If you've ever had your clothes soaked in chlorinated swimming-pool water, you might have wondered why the water didn't bleach them. The answer involves the chlorine level of the water. There's simply not enough chlorine in a pool to quickly bleach clothing. If there were, the pool would not be safe for swimming.
A swimming pool should have about 2 parts per million (ppm) of chlorine to ensure sanitary water. Swimmers are also able to swim with comfort in pools with chlorine levels as high as 4 to 5 ppm, though it's not recommended. Such low pool-chlorine levels can't come close to causing colors in clothing to run or fade. Bleach itself contains over 200 pm of chlorine per tablespoon, and it would take roughly that to begin to immediately bleach clothing.
The formula for bleach when it's used to disinfect pool water is 1 gallon of bleach per 30,000 gallons of water. This will raise a pool's chlorine level to 2 ppm. It also takes about 1 lb. of typical granulated pool chlorine per 30,000 gallons of water to achieve a 2 ppm pool chlorine level. A pool's large amount of water effectively dilutes chlorine, thus preventing it from rapidly bleaching clothing.
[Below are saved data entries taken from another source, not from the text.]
(* Let $\alpha\in(0,1]$, $\Theta\in[0,1]$, $\delta_t>0$ and $Q>0$ be given, and define the matrices $$A=\begin{bmatrix}1&0\\ \alpha&0\end{bmatrix},\quad B=-D=\begin{bmatrix}\delta_t&-\delta_t&0&0&0\\ 0&0&\delta_t&-\delta_t&0\end{bmatrix},\quad C=\begin{bmatrix}0&1\end{bmatrix},\quad E=\begin{bmatrix}0&0&0&0&1\end{bmatrix}.$$ Consider the ramp queue system $$x(t+1)=(A+\Delta A(t))x(t)+B\tilde f(t)+Dw(t),\qquad y(t)=Cx(t)+Ew(t),\qquad t=0,1,2,\dots,$$ where $x(t)\in[0,Q]^2$, $\tilde f(t)\in\mathbb{R}^4$ is a known input, $w(t)\in\mathbb{R}^5$ is an unknown noise, and $\Delta A(t)=\begin{bmatrix}0&0\\ \theta(t)&0\end{bmatrix}$ with $\theta(t)$ unknown and $\sup_{t\ge0}|\theta(t)|\le\Theta$. Consider the filter $$\hat x(t+1)=A\hat x(t)+B\tilde f(t)+L\big(y(t)-\hat y(t)\big),\qquad \hat y(t)=C\hat x(t),$$ with initial condition $\hat x(0)\in[0,Q]^2$ and gain $L\in\mathbb{R}^{2\times 1}$, and let $e(t)=x(t)-\hat x(t)$. Suppose there exist a symmetric positive definite matrix $P\in\mathbb{R}^{2\times2}$, a vector $R\in\mathbb{R}^{2}$ and scalars $\mu_1,\mu_2,\mu_3>0$ such that $$\begin{bmatrix} -\mu_3 I & \Theta P & 0 & 0 & 0\\ \Theta P & -P & PA-RC & 0 & PD-RE\\ 0 & (PA-RC)^{\mathrm T} & -P+I & 0 & 0\\ 0 & 0 & 0 & (\mu_3-\mu_1)I & 0\\ 0 & (PD-RE)^{\mathrm T} & 0 & 0 & -\mu_2 I \end{bmatrix}\prec 0,$$ where the first four diagonal blocks are $2\times 2$ and the last is $5\times5$. Then, with the filter gain $L=P^{-1}R$, there exists a positive definite function $\gamma$ of $(x(0),\hat x(0))\in[0,Q]^2\times[0,Q]^2$ with values in $\mathbb{R}_{\ge0}$ such that $$\sum_{t=0}^T\|e(t)\|_2^2\le \mu_1\sum_{t=0}^T\|x(t)\|_2^2+\mu_2\sum_{t=0}^T\|w(t)\|_2^2+\gamma(x(0),\hat x(0)),\qquad T=0,1,2,\dots,$$ for any initial conditions $x(0),\hat x(0)\in[0,Q]^2$, any input $\tilde f$, any noise $w$ and any uncertainty $\theta$ with $\sup_{t\ge0}|\theta(t)|\le\Theta$.
   Context: Model interpretation: $x(t)=(x_{\mathrm{all}}(t),x_{\mathrm{cv}}(t))^{\mathrm T}$ is the number of all vehicles and of connected vehicles queued on a freeway on-ramp (bounded by the maximum queue length $Q$), $\alpha+\theta(t)$ is the connected-vehicle penetration rate, $\delta_t$ is the metering cycle length, $\tilde f(t)$ are measured in/out flows, and $y(t)$ is the measured connected-vehicle count. $\|\cdot\|_2$ is the Euclidean norm; $X\prec0$ means $X$ is symmetric negative definite; $I$ denotes an identity matrix of the appropriate size. *)

theory Defs
  imports "HOL-Analysis.Analysis"
begin

definition neg_def_mat :: "real^'n^'n \<Rightarrow> bool" where
  "neg_def_mat X \<longleftrightarrow> transpose X = X \<and> (\<forall>z. z \<noteq> 0 \<longrightarrow> z \<bullet> (X *v z) < 0)"

definition pos_def_mat :: "real^'n^'n \<Rightarrow> bool" where
  "pos_def_mat X \<longleftrightarrow> transpose X = X \<and> (\<forall>z. z \<noteq> 0 \<longrightarrow> z \<bullet> (X *v z) > 0)"

type_synonym blk = "2 + (2 + (2 + (2 + 5)))"

definition block5 ::
  "(real^2^2) \<Rightarrow> (real^2^2) \<Rightarrow> (real^2^2) \<Rightarrow> (real^2^2) \<Rightarrow> (real^5^2) \<Rightarrow>
   (real^2^2) \<Rightarrow> (real^2^2) \<Rightarrow> (real^2^2) \<Rightarrow> (real^2^2) \<Rightarrow> (real^5^2) \<Rightarrow>
   (real^2^2) \<Rightarrow> (real^2^2) \<Rightarrow> (real^2^2) \<Rightarrow> (real^2^2) \<Rightarrow> (real^5^2) \<Rightarrow>
   (real^2^2) \<Rightarrow> (real^2^2) \<Rightarrow> (real^2^2) \<Rightarrow> (real^2^2) \<Rightarrow> (real^5^2) \<Rightarrow>
   (real^2^5) \<Rightarrow> (real^2^5) \<Rightarrow> (real^2^5) \<Rightarrow> (real^2^5) \<Rightarrow> (real^5^5) \<Rightarrow> real^blk^blk"
  where
  "block5 M11 M12 M13 M14 M15 M21 M22 M23 M24 M25 M31 M32 M33 M34 M35
          M41 M42 M43 M44 M45 M51 M52 M53 M54 M55 =
   (\<chi> i j.
     (case i of
        Inl a \<Rightarrow> (case j of Inl b \<Rightarrow> M11$a$b | Inr (Inl b) \<Rightarrow> M12$a$b
                   | Inr (Inr (Inl b)) \<Rightarrow> M13$a$b | Inr (Inr (Inr (Inl b))) \<Rightarrow> M14$a$b
                   | Inr (Inr (Inr (Inr b))) \<Rightarrow> M15$a$b)
      | Inr (Inl a) \<Rightarrow> (case j of Inl b \<Rightarrow> M21$a$b | Inr (Inl b) \<Rightarrow> M22$a$b
                   | Inr (Inr (Inl b)) \<Rightarrow> M23$a$b | Inr (Inr (Inr (Inl b))) \<Rightarrow> M24$a$b
                   | Inr (Inr (Inr (Inr b))) \<Rightarrow> M25$a$b)
      | Inr (Inr (Inl a)) \<Rightarrow> (case j of Inl b \<Rightarrow> M31$a$b | Inr (Inl b) \<Rightarrow> M32$a$b
                   | Inr (Inr (Inl b)) \<Rightarrow> M33$a$b | Inr (Inr (Inr (Inl b))) \<Rightarrow> M34$a$b
                   | Inr (Inr (Inr (Inr b))) \<Rightarrow> M35$a$b)
      | Inr (Inr (Inr (Inl a))) \<Rightarrow> (case j of Inl b \<Rightarrow> M41$a$b | Inr (Inl b) \<Rightarrow> M42$a$b
                   | Inr (Inr (Inl b)) \<Rightarrow> M43$a$b | Inr (Inr (Inr (Inl b))) \<Rightarrow> M44$a$b
                   | Inr (Inr (Inr (Inr b))) \<Rightarrow> M45$a$b)
      | Inr (Inr (Inr (Inr a))) \<Rightarrow> (case j of Inl b \<Rightarrow> M51$a$b | Inr (Inl b) \<Rightarrow> M52$a$b
                   | Inr (Inr (Inl b)) \<Rightarrow> M53$a$b | Inr (Inr (Inr (Inl b))) \<Rightarrow> M54$a$b
                   | Inr (Inr (Inr (Inr b))) \<Rightarrow> M55$a$b)))"

definition Amat :: "real \<Rightarrow> real^2^2" where
  "Amat \<alpha> = vector [vector [1, 0], vector [\<alpha>, 0]]"

definition Bmat :: "real \<Rightarrow> real^4^2" where
  "Bmat dt = vector [vector [dt, -dt, 0, 0], vector [0, 0, dt, -dt]]"

definition Dmat :: "real \<Rightarrow> real^5^2" where
  "Dmat dt = vector [vector [-dt, dt, 0, 0, 0], vector [0, 0, -dt, dt, 0]]"

definition Cmat :: "real^2^1" where
  "Cmat = vector [vector [0, 1]]"

definition Emat :: "real^5^1" where
  "Emat = vector [vector [0, 0, 0, 0, 1]]"

definition DeltaA :: "real \<Rightarrow> real^2^2" where
  "DeltaA th = vector [vector [0, 0], vector [th, 0]]"

definition box2 :: "real \<Rightarrow> (real^2) set" where
  "box2 Q = {z. \<forall>i. 0 \<le> z$i \<and> z$i \<le> Q}"

end

theory Submission
  imports Defs
begin

text \<open>With \<open>V e = e \<bullet> (P *v e)\<close> and \<open>K = P A - R C\<close>, \<open>G = P D - R E\<close>, the gain \<open>L = P\<^sup>-\<^sup>1 R\<close>
  turns the error recursion into \<open>P e(t+1) = K e(t) + G w(t) + P \<Delta>A(t) x(t)\<close>, and
  \<open>\<Delta>A(t) x(t) = \<Theta> a(t)\<close> with \<open>\<parallel>a(t)\<parallel> \<le> \<parallel>x(t)\<parallel>\<close>. Evaluating the LMI on
  \<open>(a(t), e(t+1), e(t), x(t), w(t))\<close> and eliminating the cross terms by this identity yields the
  dissipation inequality
  \<open>V(e(t+1)) - V(e(t)) + \<parallel>e(t)\<parallel>\<^sup>2 \<le> \<mu>\<^sub>1 \<parallel>x(t)\<parallel>\<^sup>2 + \<mu>\<^sub>2 \<parallel>w(t)\<parallel>\<^sup>2\<close>, which telescopes to the claim with
  \<open>\<gamma>(x\<^sub>0, x\<^sub>h\<^sub>0) = V(x\<^sub>0 - x\<^sub>h\<^sub>0) + \<parallel>(x\<^sub>0, x\<^sub>h\<^sub>0)\<parallel>\<^sup>2\<close>.\<close>

lemma inner_transpose_mult_vec: "(u::real^'n) \<bullet> (transpose K *v v) = (K *v u) \<bullet> v"
  by (metis dot_lmul_matrix inner_commute transpose_transpose vector_transpose_matrix)

lemma pos_def_mat_nonneg: "pos_def_mat P \<Longrightarrow> 0 \<le> z \<bullet> (P *v z)"
  unfolding pos_def_mat_def by (cases "z = 0") (auto intro: less_imp_le)

lemma neg_def_mat_nonpos: "neg_def_mat M \<Longrightarrow> z \<bullet> (M *v z) \<le> 0"
  unfolding neg_def_mat_def by (cases "z = 0") (auto intro: less_imp_le)

lemma pos_def_mat_invertible:
  assumes "pos_def_mat (P::real^'n^'n)"
  shows "invertible P"
proof -
  have "z = 0" if "P *v z = 0" for z
    using assms that unfolding pos_def_mat_def by (metis inner_zero_right less_irrefl)
  then show ?thesis
    by (simp add: invertible_left_inverse matrix_left_invertible_ker)
qed

lemma invertible_mult_matrix_inv:
  fixes A :: "'a::field^'n^'n"
  assumes "invertible A"
  shows "A ** matrix_inv A = mat 1"
  using assms unfolding invertible_def matrix_inv_def by (rule someI_ex[THEN conjunct1])

lemma sum_UNIV_Plus:
  "sum f (UNIV :: ('a::finite + 'b::finite) set) = (\<Sum>k\<in>UNIV. f (Inl k)) + (\<Sum>k\<in>UNIV. f (Inr k))"
  using sum.Plus[of "UNIV::'a set" "UNIV::'b set" f] by (simp add: comp_def)

definition block_vec5 :: "real^2 \<Rightarrow> real^2 \<Rightarrow> real^2 \<Rightarrow> real^2 \<Rightarrow> real^5 \<Rightarrow> real^blk" where
  "block_vec5 a b c d g = (\<chi> i. case i of Inl k \<Rightarrow> a$k | Inr (Inl k) \<Rightarrow> b$k
     | Inr (Inr (Inl k)) \<Rightarrow> c$k | Inr (Inr (Inr (Inl k))) \<Rightarrow> d$k | Inr (Inr (Inr (Inr k))) \<Rightarrow> g$k)"

lemma inner_block_vec5:
  "block_vec5 a b c d g \<bullet> block_vec5 a' b' c' d' g' = a \<bullet> a' + b \<bullet> b' + c \<bullet> c' + d \<bullet> d' + g \<bullet> g'"
  unfolding inner_vec_def block_vec5_def by (simp add: sum_UNIV_Plus add.assoc)

lemma block5_mult_block_vec5:
  "block5 M11 M12 M13 M14 M15 M21 M22 M23 M24 M25 M31 M32 M33 M34 M35
          M41 M42 M43 M44 M45 M51 M52 M53 M54 M55 *v block_vec5 a b c d g =
   block_vec5 (M11 *v a + M12 *v b + M13 *v c + M14 *v d + M15 *v g)
              (M21 *v a + M22 *v b + M23 *v c + M24 *v d + M25 *v g)
              (M31 *v a + M32 *v b + M33 *v c + M34 *v d + M35 *v g)
              (M41 *v a + M42 *v b + M43 *v c + M44 *v d + M45 *v g)
              (M51 *v a + M52 *v b + M53 *v c + M54 *v d + M55 *v g)"
  unfolding vec_eq_iff split_sum_all
  by (simp add: matrix_vector_mult_def block5_def block_vec5_def sum_UNIV_Plus add.assoc)

lemma quadratic_form_block5:
  "block_vec5 a b c d g \<bullet> (block5 M11 M12 M13 M14 M15 M21 M22 M23 M24 M25 M31 M32 M33 M34 M35
          M41 M42 M43 M44 M45 M51 M52 M53 M54 M55 *v block_vec5 a b c d g) =
   a \<bullet> (M11 *v a) + a \<bullet> (M12 *v b) + a \<bullet> (M13 *v c) + a \<bullet> (M14 *v d) + a \<bullet> (M15 *v g) +
   b \<bullet> (M21 *v a) + b \<bullet> (M22 *v b) + b \<bullet> (M23 *v c) + b \<bullet> (M24 *v d) + b \<bullet> (M25 *v g) +
   c \<bullet> (M31 *v a) + c \<bullet> (M32 *v b) + c \<bullet> (M33 *v c) + c \<bullet> (M34 *v d) + c \<bullet> (M35 *v g) +
   d \<bullet> (M41 *v a) + d \<bullet> (M42 *v b) + d \<bullet> (M43 *v c) + d \<bullet> (M44 *v d) + d \<bullet> (M45 *v g) +
   g \<bullet> (M51 *v a) + g \<bullet> (M52 *v b) + g \<bullet> (M53 *v c) + g \<bullet> (M54 *v d) + g \<bullet> (M55 *v g)"
  unfolding block5_mult_block_vec5 inner_block_vec5 inner_add_right by (simp only: add.assoc)

lemma uminus_matrix_vector_mult: "(- (M::real^'n^'m)) *v v = - (M *v v)"
  by (simp add: vec_eq_iff matrix_vector_mult_def sum_negf)

lemma lmi_dissipation:
  fixes K :: "real^2^2" and G :: "real^5^2" and a e e' x :: "real^2" and w :: "real^5"
  assumes sym: "transpose P = P"
    and lmi: "neg_def_mat (block5
          (-\<mu>3 *\<^sub>R mat 1) (\<Theta> *\<^sub>R P) 0 0 0
          (\<Theta> *\<^sub>R P) (-P) K 0 G
          0 (transpose K) (-P + mat 1) 0 0
          0 0 0 ((\<mu>3 - \<mu>1) *\<^sub>R mat 1) 0
          0 (transpose G) 0 0 (-\<mu>2 *\<^sub>R mat 1))"
    and step: "P *v e' = K *v e + G *v w + \<Theta> *\<^sub>R (P *v a)"
  shows "e' \<bullet> (P *v e') - e \<bullet> (P *v e) + e \<bullet> e + \<mu>3 * (x \<bullet> x - a \<bullet> a)
         \<le> \<mu>1 * (x \<bullet> x) + \<mu>2 * (w \<bullet> w)"
proof -
  have "- \<mu>3 * (a \<bullet> a) + \<Theta> * (a \<bullet> (P *v e')) + \<Theta> * (e' \<bullet> (P *v a)) - e' \<bullet> (P *v e')
     + e' \<bullet> (K *v e) + e' \<bullet> (G *v w) + (K *v e) \<bullet> e' - e \<bullet> (P *v e) + e \<bullet> e
     + (\<mu>3 - \<mu>1) * (x \<bullet> x) + (G *v w) \<bullet> e' - \<mu>2 * (w \<bullet> w) \<le> 0"
    using neg_def_mat_nonpos[OF lmi, of "block_vec5 a e' e x w"]
    by (simp only: quadratic_form_block5 scaleR_matrix_vector_assoc[symmetric] matrix_vector_mul_lid
        matrix_vector_mult_0 inner_zero_right uminus_matrix_vector_mult inner_minus_right
        inner_transpose_mult_vec matrix_vector_mult_add_rdistrib inner_add_right
        inner_scaleR_right add_0_right add_0_left)
  moreover have "e' \<bullet> (P *v e') = e' \<bullet> (K *v e) + e' \<bullet> (G *v w) + \<Theta> * (e' \<bullet> (P *v a))"
    by (simp add: step inner_add_right)
  moreover have "e' \<bullet> (P *v a) = a \<bullet> (P *v e')"
    by (metis sym inner_commute inner_transpose_mult_vec)
  ultimately show ?thesis
    by (simp add: inner_commute algebra_simps)
qed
People love to use outdoor swimming pools when it's very sunny, which means clothing that ends up in a pool is also exposed to a great deal of sunlight. Naturally, there's a tendency for pool water-soaked clothing to fade over time and with exposure to the sun. However, such fading is due to the effects of the sun, not the chlorine levels in the pool.
Elevated pool-chlorine levels really can cause fading of clothing over time. Also, vinyl swimming-pool liners and even colored pool tiles exposed to constant high levels of chlorine will bleach out over time. Keeping swimming pool chlorine at about 2 ppm, though, can prevent most pool bleaching from occurring.